For experiments sake, and since I'm up not sleeping. What would be a good technique to try to see if it's possible ?

----------


## Sageous

If you're not going to go to sleep, Redrooster, you're not going to be able to do a WILD. This is because you need to fall asleep in order to complete a WILD (and have your dream).  I know that sounds obvious, but it seemed worth mentioning.

WILD really works best when you are fairly able to get back to sleep, _after_ you've already slept for several hours and did a WBTB.   When your body finally falls asleep at the beginning of the night, you will very likely drop into a long period of NREM, when it is very difficult to maintain lucidity while waiting for a dream to start.

Also, since SSILD is actually a WILD technique, you've already been attempting WILD's.

----------


## Redrooster

Thanks guys for the guidance. Although disappointing, I appreciate the info.

----------


## DreamSwimmer

> Does anyone have an opinion on this? Or any experience with insomnia and WILDs?

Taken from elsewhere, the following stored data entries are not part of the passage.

lemma McDiarmid_inequality:
  fixes I :: "'i set" and q :: "'i \<Rightarrow> 'a pmf" and c :: "'i \<Rightarrow> real"
    and g :: "('i \<Rightarrow> 'a) \<Rightarrow> real" and \<alpha> S :: real
  assumes "finite I" "\<And>j. j \<in> I \<Longrightarrow> finite (set_pmf (q j))" "\<alpha> > 0" "S > 0"
    and "(\<Sum>j\<in>I. (c j)^2) \<le> S"
    and "\<And>w j y. w \<in> set_pmf (Pi_pmf I dflt q) \<Longrightarrow> j \<in> I \<Longrightarrow> y \<in> set_pmf (q j) \<Longrightarrow>
           \<bar>g w - g (w(j := y))\<bar> \<le> c j"
  shows "measure_pmf.prob (Pi_pmf I dflt q)
           {w. \<bar>g w - measure_pmf.expectation (Pi_pmf I dflt q) g\<bar> \<ge> \<alpha>}
         \<le> 2 * exp (- 2 * \<alpha>^2 / S)"
proof -
  define M where "M = Pi_pmf I dflt q"
  define m where "m = measure_pmf.expectation M g"
  have upper: "measure_pmf.prob M {w. g w - m \<ge> \<alpha>} \<le> exp (- 2 * \<alpha>^2 / S)"
    unfolding M_def m_def by (rule McDiarmid_upper_tail[where g = g, OF assms])
  have "measure_pmf.prob M {w. - g w - measure_pmf.expectation M (\<lambda>w. - g w) \<ge> \<alpha>}
        \<le> exp (- 2 * \<alpha>^2 / S)"
    unfolding M_def
    by (rule McDiarmid_upper_tail[OF assms(1-5)]) (use assms(6) in \<open>auto simp: abs_minus_commute\<close>)
  then have lower: "measure_pmf.prob M {w. m - g w \<ge> \<alpha>} \<le> exp (- 2 * \<alpha>^2 / S)"
    by (simp add: m_def)
  have "{w. \<bar>g w - m\<bar> \<ge> \<alpha>} = {w. g w - m \<ge> \<alpha>} \<union> {w. m - g w \<ge> \<alpha>}"
    by auto
  then have "measure_pmf.prob M {w. \<bar>g w - m\<bar> \<ge> \<alpha>}
             \<le> measure_pmf.prob M {w. g w - m \<ge> \<alpha>} + measure_pmf.prob M {w. m - g w \<ge> \<alpha>}"
    by (simp add: measure_Un_le)
  with upper lower show ?thesis by (simp add: M_def m_def)
qed

lemma card_Collect_le_if_agree_outside:
  assumes "finite K" "finite U" "\<And>k. k \<notin> U \<Longrightarrow> P k \<longleftrightarrow> Q k"
  shows "card {k\<in>K. P k} \<le> card {k\<in>K. Q k} + card U"
proof -
  have "card {k\<in>K. P k} \<le> card ({k\<in>K. Q k} \<union> U)"
    using assms by (intro card_mono) auto
  also have "\<dots> \<le> card {k\<in>K. Q k} + card U"
    by (rule card_Un_le)
  finally show ?thesis .
qed

lemma card_Collect_neq_le:
  fixes x y :: "'i \<Rightarrow> 'a::zero"
  assumes "finite A"
  shows "card {i\<in>A. x i \<noteq> y i} \<le> card {i\<in>A. x i \<noteq> 0} + card {i\<in>A. y i \<noteq> 0}"
proof -
  have "card {i\<in>A. x i \<noteq> y i} \<le> card ({i\<in>A. x i \<noteq> 0} \<union> {i\<in>A. y i \<noteq> 0})"
    using assms by (intro card_mono) auto
  also have "\<dots> \<le> card {i\<in>A. x i \<noteq> 0} + card {i\<in>A. y i \<noteq> 0}"
    by (rule card_Un_le)
  finally show ?thesis .
qed

lemma sum_mismatch_weights_le:
  fixes x y :: "'i \<Rightarrow> 'a::zero"
  assumes "finite A" "card {i\<in>A. x i \<noteq> 0} \<le> \<sigma>" "card {i\<in>A. y i \<noteq> 0} \<le> \<sigma>"
  shows "(\<Sum>j\<in>A. (if x j = y j then 0 else 2::real)^2) \<le> 8 * real \<sigma>"
proof -
  have "(\<Sum>j\<in>A. (if x j = y j then 0 else 2::real)^2) = (\<Sum>j\<in>A. if x j \<noteq> y j then 4 else 0)"
    by (intro sum.cong) auto
  also have "\<dots> = 4 * real (card {j\<in>A. x j \<noteq> y j})"
    using assms(1) by (simp flip: sum.inter_filter)
  also have "\<dots> \<le> 8 * real \<sigma>"
    using card_Collect_neq_le[OF assms(1), of x y] assms(2,3) by simp
  finally show ?thesis .
qed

Yes I do. I have (slight) insomnia-like you. I also WILD. I'm still in the learning stages of figuring out what works for me. 

It's also goddamn hard at first. DILD is fairly easy but you can never get real consistency. Mastering WILD allows you to lucid dream when you want. If you have trouble sleeping like me, then you have to map out the sleeping process. I write in my dream journal every morning an analysis of the night before, e.g. how long did it take to fall asleep, what technique was most effective, the various stages of falling asleep...

I find that recording all that down helps with figuring out how to get to sleep. Once you know how to get to sleep WILD is straightforward, presuming you have the strength of awareness to cling on.

I'm still working on it, and it'll probably take many months.

----------


## Redrooster

Thanks dreamswimmer. Repeating montras and ssild cycles usually work for me to fall asleep but not on these nights of insomnia. What techniques have you found work for you both achieving wilds and falling asleep?

----------


## DreamSwimmer

The key is not to be too aware. This sounds strange but I've found the hard way that if you try to WILD and you're constantly repeating mantras there's a 95% chance that you'll just stay awake. If you're tired before hand it's ok, but on nights that we're insomniac-its impossible.

It's much easier to fall asleep than WILD (I guess that's saying something). Try this:

1) Lie on any side and count to 300 (on the out breath). As you exhale feel yourself sink deeper into the bed. This won't put you to sleep, unless you are lucky. If it does put you to sleep (happened to me only once), you'll enter a lucid dream automatically.

2) Once you have counted to 300, you should be feeling heavy. If you are feeling uncomfortable you can just roll over at this stage. I think the biggest misconception with WILD is that you have to stay still. It's not true at all. 

3) Now, you should notice vivid hypnagogic imagery. We're not looking for the colourful lights and patterns (schema) here. We're looking for the deeper imagery, where the schema forms actual images. Just watch this.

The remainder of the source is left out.